И призывая всех в свидетели, стал повторять: «Глядите-ка, это сынок Огюста!»

Все эти старички обожали отца; малая толика известности и всеобщей симпатии, какими он пользовался в этом кругу, доставалась и мне. Дядя Дени подошел ко мне и, показав на петуха на церковной колокольне, сказал: «Знаешь, это я его позолотил, а ведь там, наверху, было не слишком жарко!»

Наш загородный дом находился совсем рядом, в ближнем предместье Парижа, в Бийанкуре. Это было большое, массивное здание с огромным парком, впоследствии оно стало собственностью компании «Рено», поскольку эта семья тоже была из Бийанкура. Рено-младшие никогда не показывались гостям, приходившим к их родителям. Все знали, что они вечно пропадают в мастерской, среди всевозможных механизмов, шатунов и поршней, и мастерят свой первый мотор. Порой они случайно попадались нам на глаза, с головы до ног перепачканные маслом и смазкой, фанатичные жрецы своего идеала, угрюмые пленники идеи. Там, в Бийанкуре, я увидел первые моторные экипажи, совершавшие пробные поездки по набережным. Гуляющая публика высказала весьма строгое суждение об этих устройствах. Люди говорили: «Может быть, они очень удобные, но красивыми их никак не назовешь: спереди явно чего-то не хватает». Этим недалеким буржуа казалось, что впереди экипажа непременно должна быть лошадь. Если бы не людские предрассудки, возможно, двигатель у автомобиля поместили бы сзади, что было бы логичнее.


Помню годы, проведенные в Бийанкуре, в кипучем детском ничегонеделании, когда ты вечно занят, хоть и пребываешь в праздности, когда не знаешь, что такое скука. Но игры, занимайте меня больше всего, не были обычными для детей моего возраста.

Я воздвигал невиданные постройки, создавал фонтаны с помощью закрепленного на высоком дереве бочонка с водой. Или же, залюбовавшись геранями и бегониями, которые во множестве росли на бабушкиных клумбах, окаймляли террасы и алели посреди лужаек, я собирал яркие лепестки цветов, чтобы изготовить из них чернила или краски, но способы, которыми я пытался это сделать, были столь прямолинейными и примитивными, что все мои опыты не давали никакого результата, если не считать пятен на лице и на руках да еще непоправимо испорченной одежды.

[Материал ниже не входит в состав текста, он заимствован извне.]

(* For all integers $n\geq 1$ and $1\leq k\leq n$, $$\bigl|\{e\in\mathbf{I}_n(\underline{12}0):\mathrm{zero}(e)=k\}\bigr|=c_{n,k},$$ where the numbers $c_{n,k}$ are defined by $c_{1,1}=1$, $c_{n,0}=0$ for $n\geq1$, and $c_{n,k}=c_{n-1,k-1}+k\sum_{j=k}^{n-1}c_{n-1,j}$ for $n\geq 2$ and $1\leq k\leq n$ (with $c_{n-1,j}=0$ for $j>n-1$).
   Context: An inversion sequence of length $n$ is an integer sequence $e=e_1e_2\ldots e_n$ with $0\leq e_i<i$ for all $i$; the set of these is $\mathbf{I}_n$. A sequence $e$ avoids the vincular pattern $\underline{12}0$ if there are no indices $2\leq i<j\leq n$ with $e_j<e_{i-1}<e_i$; $\mathbf{I}_n(\underline{12}0)$ is the set of $\underline{12}0$-avoiding inversion sequences of length $n$. $\mathrm{zero}(e)$ is the number of entries of $e$ equal to $0$. *)

theory Defs
  imports Main
begin

text \<open>Inversion sequences of length n, represented as lists e with
  e ! (i-1) = e_i (so the condition 0 \<le> e_i < i becomes e ! i \<le> i for i < n).\<close>
definition inv_seqs :: "nat \<Rightarrow> nat list set" where
  "inv_seqs n = {e. length e = n \<and> (\<forall>i<n. e ! i < i + 1)}"

text \<open>Avoidance of the vincular pattern 12-0: no indices 2 \<le> i < j \<le> n with
  e_j < e_(i-1) < e_i (translated to 0-based list positions).\<close>
definition avoids_12_0 :: "nat list \<Rightarrow> bool" where
  "avoids_12_0 e \<longleftrightarrow>
     \<not> (\<exists>i j. 2 \<le> i \<and> i < j \<and> j \<le> length e \<and>
              e ! (j - 1) < e ! (i - 2) \<and> e ! (i - 2) < e ! (i - 1))"

definition zero :: "nat list \<Rightarrow> nat" where
  "zero e = length (filter (\<lambda>x. x = 0) e)"
(* $$\sum_{n=1}^\infty \frac{H_n \binom{2n}{n}}{(n+1)^2\, 2^{2n}} = -\frac{\pi^2}{3} - 4(\log 2)^2 + 8\log 2.$$
   Context: $H_n=\sum_{k=1}^n \frac{1}{k}$ denotes the $n$-th harmonic number and $\binom{2n}{n}$ the central binomial coefficient; $\log$ is the natural logarithm. *)

theory Defs
  imports "HOL-Analysis.Analysis"
begin

end

theory Submission
  imports Defs "HOL-Real_Asymp.Real_Asymp"
begin

(* Let c_n = (2n choose n) / 4^n, so that sum c_n x^n = 1 / sqrt (1 - x). Integrating once and
   twice, with the substitution x = 4u(1 - u), u = (1 - sqrt (1 - x)) / 2, gives
     sum c_n x^n / n = -2 ln (1 - u),    sum c_n x^n / n^2 = 2 Li2 u - ln (1 - u)^2,
   and for the tails T_k = sum_{n >= k} c_n / n one finds
     sum T_k x^k / k = pi^2/3 + 4 Li2 (-sqrt (1 - x)).
   Letting x -> 1 (Abel's theorem, and its converse since all coefficients are nonnegative)
   and using Euler's reflection formula for Li2 (1/2) yields
     sum c_n / n = 2 ln 2,   sum c_n / n^2 = pi^2/6 - 2 (ln 2)^2,   sum T_k / k = pi^2/3,
   and Abel summation turns the last series into sum c_n H_n / n = pi^2/3. Finally
   H_n c_n / (n+1)^2 differs from 2 c_n / n^2 - 2 c_n H_n / n + 4 c_n / n by a telescoping
   term that tends to 0. *)

section \<open>Power series with bounded coefficients\<close>

lemma divide_of_nat_power_le_self: "0 \<le> (a :: real) \<Longrightarrow> a / real n ^ k \<le> a"
  by (cases "n = 0") (auto simp: divide_le_eq mult_le_cancel_left1 one_le_power power_0_left)

lemma summable_powser_bounded_coeffs:
  fixes a :: "nat \<Rightarrow> real"
  assumes "\<And>n. \<bar>a n\<bar> \<le> K" "\<bar>z\<bar> < 1"
  shows "summable (\<lambda>n. a n * z^n)"
proof (rule summable_comparison_test')
  show "summable (\<lambda>n. K * \<bar>z\<bar>^n)" using assms(2) by (intro summable_mult summable_geometric) simp
  show "norm (a n * z^n) \<le> K * \<bar>z\<bar>^n" for n
    using assms(1)[of n] by (simp add: abs_mult power_abs mult_right_mono)
qed

lemma powser_has_real_derivative_bounded_coeffs:
  fixes a :: "nat \<Rightarrow> real"
  assumes "\<And>n. \<bar>a n\<bar> \<le> K" "\<bar>z\<bar> < 1"
  shows "((\<lambda>x. \<Sum>n. a n * x^n) has_real_derivative (\<Sum>n. diffs a n * z^n)) (at z)"
  by (rule termdiffs_strong'[where K=1])
     (use assms summable_powser_bounded_coeffs[OF assms(1)] in auto)
definition gammaP :: "'a::field set \<Rightarrow> 'a \<Rightarrow> 'a poly poly poly \<Rightarrow> 'a poly poly poly \<Rightarrow> 'a poly poly poly \<Rightarrow> 'a poly poly poly" where
  "gammaP K k x0 x1 x2 = (\<Prod>c\<in>K. x2 + C3 (2 * c) * x1 + C3 (c ^ 2 - k) * x0)"

definition GammaP :: "'a::field set \<Rightarrow> 'a poly poly poly \<Rightarrow> 'a poly poly poly \<Rightarrow> 'a poly poly poly \<Rightarrow> 'a poly poly poly" where
  "GammaP K x0 x1 x2 = (\<Prod>k\<in>QNR K. gammaP K k x0 x1 x2)"

definition BP :: "'a::field set \<Rightarrow> 'a poly poly poly \<Rightarrow> 'a poly poly poly \<Rightarrow> 'a poly poly poly \<Rightarrow> 'a poly poly poly" where
  "BP K x0 x1 x2 = betaP K x0 x1 x2 * (\<Prod>k\<in>QR K. gammaP K k x0 x1 x2)"

definition JP :: "'a::field set \<Rightarrow> 'a poly poly poly \<Rightarrow> 'a poly poly poly \<Rightarrow> 'a poly poly poly \<Rightarrow> 'a poly poly poly" where
  "JP K x0 x1 x2 = x0 * gammaP K 0 x0 x1 x2"

text \<open>Images of the generators under g = (alpha, beta'; gamma', delta).\<close>
definition act2 :: "'a::field \<Rightarrow> 'a \<Rightarrow> 'a \<Rightarrow> 'a \<Rightarrow> 'a poly poly poly" where
  "act2 \<alpha> \<beta> \<gamma> \<delta> = C3 (\<alpha>^2) * A2 + C3 (2 * \<alpha> * \<beta>) * A1 + C3 (\<beta>^2) * A0"

definition act1 :: "'a::field \<Rightarrow> 'a \<Rightarrow> 'a \<Rightarrow> 'a \<Rightarrow> 'a poly poly poly" where
  "act1 \<alpha> \<beta> \<gamma> \<delta> = C3 (\<alpha> * \<gamma>) * A2 + C3 (\<alpha> * \<delta> + \<beta> * \<gamma>) * A1 + C3 (\<beta> * \<delta>) * A0"
definition same_parity_pairings_at :: "nat list \<Rightarrow> nat \<Rightarrow> (nat \<Rightarrow> nat) \<Rightarrow> nat \<Rightarrow> (nat \<Rightarrow> nat) set" where
  "same_parity_pairings_at w n p a = {e \<in> tuples (length w) n. int n dvd alt_sum (length w) e \<and> (\<forall>j<length w. card (key_class w e j) = 2)
      \<and> key_pattern w e = p \<and> a < length w \<and> key_rep w e a = a
      \<and> (\<exists>b<length w. b \<noteq> a \<and> key w e b = key w e a \<and> (even b \<longleftrightarrow> even a))}"

lemma card_2_eq:
  assumes "finite S" "card S = 2" "a \<in> S" "b \<in> S" "a \<noteq> b"
  shows "S = {a, b}"
  using assms card_subset_eq[of S "{a, b}"] by simp

lemma alt_sum_diff_same_parity_pair:
  assumes "a < k" "b < k" "a \<noteq> b" "even a \<longleftrightarrow> even b"
    and "\<And>j. j < k \<Longrightarrow> j \<noteq> a \<Longrightarrow> j \<noteq> b \<Longrightarrow> e j = e' j" and "e b = e a" "e' b = e' a"
  shows "alt_sum k e - alt_sum k e' = 2 * ((-1) ^ a * (int (e a) - int (e' a)))"
proof -
  have "alt_sum k e - alt_sum k e' = (\<Sum>j<k. (-1) ^ j * (int (e j) - int (e' j)))"
    by (simp add: alt_sum_def sum_subtractf algebra_simps)
  also have "\<dots> = (\<Sum>j\<in>{a, b}. (-1) ^ j * (int (e j) - int (e' j)))"
    using assms(1,2,5) by (intro sum.mono_neutral_right) auto
  also have "\<dots> = 2 * ((-1) ^ a * (int (e a) - int (e' a)))"
    using assms(3,4,6,7) by (simp add: minus_one_power_iff)
  finally show ?thesis .
qed
(* Let $f$ satisfy Hypothesis 1 or Hypothesis 2 (see context), let $\eta\in(0,1]$ and let $(\rho_1,\rho_2)$ be a classical solution of the viscous system (see context), $\sigma=\rho_1+\rho_2$. Then there exist $\mathcal{K}_5>0$ and $\theta_\alpha>1$, whose sizes depend only on $\alpha,\kappa,|\Omega|,T$ and the Lipschitz constants of $V_1,V_2$, such that \[ \|\partial_x\sigma\|_{L^{\theta_\alpha}([0,T]\times\Omega)}\le\mathcal{K}_5. \]
   Context: $\Omega=(0,L)$, $T>0$. Hypothesis 1: (H1) $f(s)=\frac{\lambda}{\alpha-1}s^\alpha$, $\alpha\in(0,1)$, $\lambda>0$; or (H2) $f(s)=\lambda s\log s$, $\lambda>0$. Hypothesis 2: (I1) $f\in C^{4,\beta}_{loc}(0,\infty)$, $f''>0$; (I2) $\frac{1}{\alpha\kappa}s^\alpha\le s^2f''(s)$ for $s>0$, $\alpha\in(0,1)$, $\kappa>0$; (I3) $|sf'''(s)/f''(s)|\le\kappa$; (I4) $\int_\Omega f(\mu)\,dx>-\mathcal{K}_{\inf}$ for all $\mu\in\mathscr{P}^{ac}(\Omega)$. Under Hypothesis 1, $\alpha,\kappa$ denote the corresponding constants determined by $f$. Viscous system, for $i\in\{1,2\}$: $\partial_t\rho_i=\eta\partial_{xx}\rho_i+\partial_x(\rho_i\partial_x(f'(\rho_1+\rho_2)+V_i))$ in $(0,T)\times\Omega$, $\rho_i(0)=\rho_{i,0}$, $\eta\partial_x\rho_i+\rho_i\partial_x(f'(\rho_1+\rho_2)+V_i)=0$ on $(0,T)\times\partial\Omega$. Standing assumptions: $V_1,V_2\in C^{3,1}(\overline\Omega)$, $\partial_xV_1=\partial_xV_2=0$ on $\partial\Omega$; $\rho_{i,0}\in C^{3,1}(\overline\Omega)$ probability densities, $\rho_{1,0}+\rho_{2,0}>0$, satisfying the zeroth- and first-order boundary compatibility conditions. A classical solution: $\rho_i\in C([0,T];C^3(\overline\Omega))\cap C^1([0,T];C^1(\overline\Omega))$ solving the system pointwise, with $\rho_1+\rho_2>0$. *)

theory Defs
  imports "HOL-Analysis.Analysis"
begin

text \<open>Omega = (0,L). One-sided (within the closed interval) derivatives.\<close>

definition dxL :: "real \<Rightarrow> (real \<Rightarrow> real) \<Rightarrow> real \<Rightarrow> real" where
  "dxL L g x = vector_derivative g (at x within {0..L})"

definition dtT :: "real \<Rightarrow> (real \<Rightarrow> real \<Rightarrow> real) \<Rightarrow> real \<Rightarrow> real \<Rightarrow> real" where
  "dtT T u t x = vector_derivative (\<lambda>s. u s x) (at t within {0..T})"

Туристы в прогулочных костюмах в отрытом шарабане, Париж, 1910-е гг.


Также я хотел извлечь аромат из роз и с этой целью помещал их в бутылки со спиртным или с газированной водой. В моем тогдашнем возрасте я не имел ни малейшего понятия о химии, измельчал их и складывал в герметически закрывающиеся коробки. Спустя время я проделывал в коробке отверстие, и оттуда распространялся ужасающий запах гнили. Я бывал сильно разочарован, но никогда не отказывался от мысли попробовать еще раз. А охотнее всего я устраивал различные праздники и увеселения, приглашал на них всю семью и предлагал шампанское собственного изготовления – жуткую мешанину из лимона, белого вина и сельтерской. Я подбирал на огороде и в саду все старые железки, привязывал к каждой ярлычок, как делают хранители, и открывал музей древностей. Рассказываю это не для того, чтобы похвастаться каким-то особыми детскими талантами, просто хочется отметить: уже тогда я интересовался тем, что впоследствии стало предметом моих исследований и увлечений. Однажды вечером я вместе с родителями поехал на открытие выставки 1889 года. Отец где-то достал пригласительные билеты. Я был вне себя от радости. Сидя у него на плечах, я увидел сказочное зрелище, которое запомнил на всю жизнь, – запуск светящихся разноцветных фонтанов. Я часто задумывался, не в тот ли вечер, когда я зачарованно глядел на это великолепие оттенков розового, зеленого и фиолетового, зародилась у меня любовь к неожиданным сочетаниям красок. Я бессилен описать восторг огромной массы людей, впервые видевших это чудо. Когда все фонтаны вдруг засияли одним и тем же, опалово-зеленоватым светом, в толпе среди полной тишины раздался голос: «Прелесть какая! Это же “перно[8]”!» – а вокруг поднялся неудержимый хохот. Это было так по-французски!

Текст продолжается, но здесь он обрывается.